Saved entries

.....

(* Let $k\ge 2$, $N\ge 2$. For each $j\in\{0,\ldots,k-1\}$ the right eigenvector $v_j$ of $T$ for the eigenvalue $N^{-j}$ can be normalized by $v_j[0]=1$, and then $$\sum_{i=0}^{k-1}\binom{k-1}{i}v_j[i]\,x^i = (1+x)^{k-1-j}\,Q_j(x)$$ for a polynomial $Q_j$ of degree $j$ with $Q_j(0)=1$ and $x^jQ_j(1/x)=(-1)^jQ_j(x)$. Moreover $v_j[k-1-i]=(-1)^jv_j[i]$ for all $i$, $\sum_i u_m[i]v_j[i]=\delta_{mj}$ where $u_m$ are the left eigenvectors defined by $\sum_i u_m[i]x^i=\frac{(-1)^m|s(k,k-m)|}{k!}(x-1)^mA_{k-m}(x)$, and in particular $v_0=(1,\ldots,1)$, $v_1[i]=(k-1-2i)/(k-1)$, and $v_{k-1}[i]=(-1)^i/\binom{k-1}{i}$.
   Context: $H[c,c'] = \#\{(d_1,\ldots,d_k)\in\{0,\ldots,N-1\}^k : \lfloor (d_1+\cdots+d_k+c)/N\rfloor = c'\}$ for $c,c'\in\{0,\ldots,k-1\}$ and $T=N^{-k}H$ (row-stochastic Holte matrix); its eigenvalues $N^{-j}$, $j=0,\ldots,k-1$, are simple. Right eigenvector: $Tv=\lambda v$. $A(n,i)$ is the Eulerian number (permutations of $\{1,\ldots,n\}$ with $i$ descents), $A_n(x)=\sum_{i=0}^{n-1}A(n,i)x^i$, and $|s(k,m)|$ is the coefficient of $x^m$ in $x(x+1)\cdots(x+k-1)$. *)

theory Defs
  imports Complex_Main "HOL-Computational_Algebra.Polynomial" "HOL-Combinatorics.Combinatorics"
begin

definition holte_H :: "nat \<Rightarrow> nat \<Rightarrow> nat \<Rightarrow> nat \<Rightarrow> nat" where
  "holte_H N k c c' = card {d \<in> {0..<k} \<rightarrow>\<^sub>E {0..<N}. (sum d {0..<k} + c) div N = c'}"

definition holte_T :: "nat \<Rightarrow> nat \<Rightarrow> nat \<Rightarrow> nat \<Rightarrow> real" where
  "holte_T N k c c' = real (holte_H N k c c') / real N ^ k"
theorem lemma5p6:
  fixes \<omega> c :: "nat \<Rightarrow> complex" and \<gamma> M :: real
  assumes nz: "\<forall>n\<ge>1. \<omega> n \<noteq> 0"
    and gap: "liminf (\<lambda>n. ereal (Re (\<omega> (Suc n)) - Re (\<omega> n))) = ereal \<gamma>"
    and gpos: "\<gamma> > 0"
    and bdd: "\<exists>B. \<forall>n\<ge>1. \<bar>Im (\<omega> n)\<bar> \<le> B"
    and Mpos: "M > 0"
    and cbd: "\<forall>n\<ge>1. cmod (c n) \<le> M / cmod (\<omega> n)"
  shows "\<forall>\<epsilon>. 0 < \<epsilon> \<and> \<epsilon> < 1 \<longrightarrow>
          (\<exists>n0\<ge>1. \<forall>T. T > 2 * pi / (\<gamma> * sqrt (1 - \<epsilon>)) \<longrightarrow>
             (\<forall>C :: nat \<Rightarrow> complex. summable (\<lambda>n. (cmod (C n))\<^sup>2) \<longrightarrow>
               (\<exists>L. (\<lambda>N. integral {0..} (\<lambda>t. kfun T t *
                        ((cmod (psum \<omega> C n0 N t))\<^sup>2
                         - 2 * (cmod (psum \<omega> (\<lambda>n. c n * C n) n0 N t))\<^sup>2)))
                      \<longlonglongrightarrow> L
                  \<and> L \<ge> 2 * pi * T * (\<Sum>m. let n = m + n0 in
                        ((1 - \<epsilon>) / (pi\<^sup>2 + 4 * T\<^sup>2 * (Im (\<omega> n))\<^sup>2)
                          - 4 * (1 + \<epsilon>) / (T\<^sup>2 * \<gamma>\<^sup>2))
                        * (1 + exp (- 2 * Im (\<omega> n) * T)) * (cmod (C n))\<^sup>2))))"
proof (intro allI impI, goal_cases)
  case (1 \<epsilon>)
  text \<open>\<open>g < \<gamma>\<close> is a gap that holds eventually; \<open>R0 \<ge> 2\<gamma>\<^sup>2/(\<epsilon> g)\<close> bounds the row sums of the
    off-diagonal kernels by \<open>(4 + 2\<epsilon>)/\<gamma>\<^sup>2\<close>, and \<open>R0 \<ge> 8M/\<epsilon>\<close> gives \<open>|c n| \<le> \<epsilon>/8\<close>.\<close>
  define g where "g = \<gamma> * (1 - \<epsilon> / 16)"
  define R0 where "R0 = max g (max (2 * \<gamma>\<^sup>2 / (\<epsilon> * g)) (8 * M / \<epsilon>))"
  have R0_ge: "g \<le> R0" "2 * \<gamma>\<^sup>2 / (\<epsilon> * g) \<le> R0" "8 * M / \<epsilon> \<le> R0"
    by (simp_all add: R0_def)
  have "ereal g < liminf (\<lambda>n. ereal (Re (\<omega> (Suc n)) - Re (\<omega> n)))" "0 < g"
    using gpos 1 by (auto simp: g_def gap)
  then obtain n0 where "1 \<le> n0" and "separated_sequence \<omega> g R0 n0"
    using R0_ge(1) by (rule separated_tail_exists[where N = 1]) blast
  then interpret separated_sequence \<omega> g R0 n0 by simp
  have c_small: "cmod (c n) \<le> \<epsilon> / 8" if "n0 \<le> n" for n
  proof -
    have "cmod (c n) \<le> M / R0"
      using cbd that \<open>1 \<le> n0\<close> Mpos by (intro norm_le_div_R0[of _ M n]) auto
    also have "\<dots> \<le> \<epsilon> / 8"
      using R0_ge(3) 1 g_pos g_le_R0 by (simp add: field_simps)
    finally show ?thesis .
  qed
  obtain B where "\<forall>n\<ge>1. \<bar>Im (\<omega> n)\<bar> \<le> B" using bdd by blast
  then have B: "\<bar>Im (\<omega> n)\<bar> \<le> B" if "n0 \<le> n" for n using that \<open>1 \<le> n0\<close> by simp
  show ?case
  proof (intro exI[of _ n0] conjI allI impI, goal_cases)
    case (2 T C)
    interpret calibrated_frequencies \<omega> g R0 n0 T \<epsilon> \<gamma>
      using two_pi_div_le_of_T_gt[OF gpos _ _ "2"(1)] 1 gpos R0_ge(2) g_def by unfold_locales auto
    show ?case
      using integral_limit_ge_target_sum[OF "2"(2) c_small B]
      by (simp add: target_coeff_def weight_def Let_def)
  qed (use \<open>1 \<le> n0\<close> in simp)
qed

.....

### What you should do
Beginning with the first line above, transcribe all of the data exactly.

### Response to this exercise
(* Let $k\ge 2$, $N\ge 2$. For each $j\in\{0,\ldots,k-1\}$ the right eigenvector $v_j$ of $T$ for the eigenvalue $N^{-j}$ can be normalized by $v_j[0]=1$, and then $$\sum_{i=0}^{k-1}\binom{k-1}{i}v_j[i]\,x^i = (1+x)^{k-1-j}\,Q_j(x)$$ for a polynomial $Q_j$ of degree $j$ with $Q_j(0)=1$ and $x^jQ_j(1/x)=(-1)^jQ_j(x)$. Moreover $v_j[k-1-i]=(-1)^jv_j[i]$ for all $i$, $\sum_i u_m[i]v_j[i]=\delta_{mj}$ where $u_m$ are the left eigenvectors defined by $\sum_i u_m[i]x^i=\frac{(-1)^m|s(k,k-m)|}{k!}(x-1)^mA_{k-m}(x)$, and in particular $v_0=(1,\ldots,1)$, $v_1[i]=(k-1-2i)/(k-1)$, and $v_{k-1}[i]=(-1)^i/\binom{k-1}{i}$.
   Context: $H[c,c'] = \#\{(d_1,\ldots,d_k)\in\{0,\ldots,N-1\}^k : \lfloor (d_1+\cdots+d_k+c)/N\rfloor = c'\}$ for $c,c'\in\{0,\ldots,k-1\}$ and $T=N^{-k}H$ (row-stochastic Holte matrix); its eigenvalues $N^{-j}$, $j=0,\ldots,k-1$, are simple. Right eigenvector: $Tv=\lambda v$. $A(n,i)$ is the Eulerian number (permutations of $\{1,\ldots,n\}$ with $i$ descents), $A_n(x)=\sum_{i=0}^{n-1}A(n,i)x^i$, and $|s(k,m)|$ is the coefficient of $x^m$ in $x(x+1)\cdots(x+k-1)$. *)

theory Defs
  imports Complex_Main "HOL-Computational_Algebra.Polynomial" "HOL-Combinatorics.Combinatorics"
begin

definition holte_H :: "nat \<Rightarrow> nat \<Rightarrow> nat \<Rightarrow> nat \<Rightarrow> nat" where
  "holte_H N k c c' = card {d \<in> {0..<k} \<rightarrow>\<^sub>E {0..<N}. (sum d {0..<k} + c) div N = c'}"

definition holte_T :: "nat \<Rightarrow> nat \<Rightarrow> nat \<Rightarrow> nat \<Rightarrow> real" where
  "holte_T N k c c' = real (holte_H N k c c') / real N ^ k"
theorem lemma5p6:
  fixes \<omega> c :: "nat \<Rightarrow> complex" and \<gamma> M :: real
  assumes nz: "\<forall>n\<ge>1. \<omega> n \<noteq> 0"
    and gap: "liminf (\<lambda>n. ereal (Re (\<omega> (Suc n)) - Re (\<omega> n))) = ereal \<gamma>"
    and gpos: "\<gamma> > 0"
    and bdd: "\<exists>B. \<forall>n\<ge>1. \<bar>Im (\<omega> n)\<bar> \<le> B"
    and Mpos: "M > 0"
    and cbd: "\<forall>n\<ge>1. cmod (c n) \<le> M / cmod (\<omega> n)"
  shows "\<forall>\<epsilon>. 0 < \<epsilon> \<and> \<epsilon> < 1 \<longrightarrow>
          (\<exists>n0\<ge>1. \<forall>T. T > 2 * pi / (\<gamma> * sqrt (1 - \<epsilon>)) \<longrightarrow>
             (\<forall>C :: nat \<Rightarrow> complex. summable (\<lambda>n. (cmod (C n))\<^sup>2) \<longrightarrow>
               (\<exists>L. (\<lambda>N. integral {0..} (\<lambda>t. kfun T t *
                        ((cmod (psum \<omega> C n0 N t))\<^sup>2
                         - 2 * (cmod (psum \<omega> (\<lambda>n. c n * C n) n0 N t))\<^sup>2)))
                      \<longlonglongrightarrow> L
                  \<and> L \<ge> 2 * pi * T * (\<Sum>m. let n = m + n0 in
                        ((1 - \<epsilon>) / (pi\<^sup>2 + 4 * T\<^sup>2 * (Im (\<omega> n))\<^sup>2)
                          - 4 * (1 + \<epsilon>) / (T\<^sup>2 * \<gamma>\<^sup>2))
                        * (1 + exp (- 2 * Im (\<omega> n) * T)) * (cmod (C n))\<^sup>2))))"
proof (intro allI impI, goal_cases)
  case (1 \<epsilon>)
  text \<open>\<open>g < \<gamma>\<close> is a gap that holds eventually; \<open>R0 \<ge> 2\<gamma>\<^sup>2/(\<epsilon> g)\<close> bounds the row sums of the
    off-diagonal kernels by \<open>(4 + 2\<epsilon>)/\<gamma>\<^sup>2\<close>, and \<open>R0 \<ge> 8M/\<epsilon>\<close> gives \<open>|c n| \<le> \<epsilon>/8\<close>.\<close>
  define g where "g = \<gamma> * (1 - \<epsilon> / 16)"
  define R0 where "R0 = max g (max (2 * \<gamma>\<^sup>2 / (\<epsilon> * g)) (8 * M / \<epsilon>))"
  have R0_ge: "g \<le> R0" "2 * \<gamma>\<^sup>2 / (\<epsilon> * g) \<le> R0" "8 * M / \<epsilon> \<le> R0"
    by (simp_all add: R0_def)
  have "ereal g < liminf (\<lambda>n. ereal (Re (\<omega> (Suc n)) - Re (\<omega> n)))" "0 < g"
    using gpos 1 by (auto simp: g_def gap)
  then obtain n0 where "1 \<le> n0" and "separated_sequence \<omega> g R0 n0"
    using R0_ge(1) by (rule separated_tail_exists[where N = 1]) blast
  then interpret separated_sequence \<omega> g R0 n0 by simp
  have c_small: "cmod (c n) \<le> \<epsilon> / 8" if "n0 \<le> n" for n
  proof -
    have "cmod (c n) \<le> M / R0"
      using cbd that \<open>1 \<le> n0\<close> Mpos by (intro norm_le_div_R0[of _ M n]) auto
    also have "\<dots> \<le> \<epsilon> / 8"
      using R0_ge(3) 1 g_pos g_le_R0 by (simp add: field_simps)
    finally show ?thesis .
  qed
  obtain B where "\<forall>n\<ge>1. \<bar>Im (\<omega> n)\<bar> \<le> B" using bdd by blast
  then have B: "\<bar>Im (\<omega> n)\<bar> \<le> B" if "n0 \<le> n" for n using that \<open>1 \<le> n0\<close> by simp
  show ?case
  proof (intro exI[of _ n0] conjI allI impI, goal_cases)
    case (2 T C)
    interpret calibrated_frequencies \<omega> g R0 n0 T \<epsilon> \<gamma>
      using two_pi_div_le_of_T_gt[OF gpos _ _ "2"(1)] 1 gpos R0_ge(2) g_def by unfold_locales auto
    show ?case
      using integral_limit_ge_target_sum[OF "2"(2) c_small B]
      by (simp add: target_coeff_def weight_def Let_def)
  qed (use \<open>1 \<le> n0\<close> in simp)
qed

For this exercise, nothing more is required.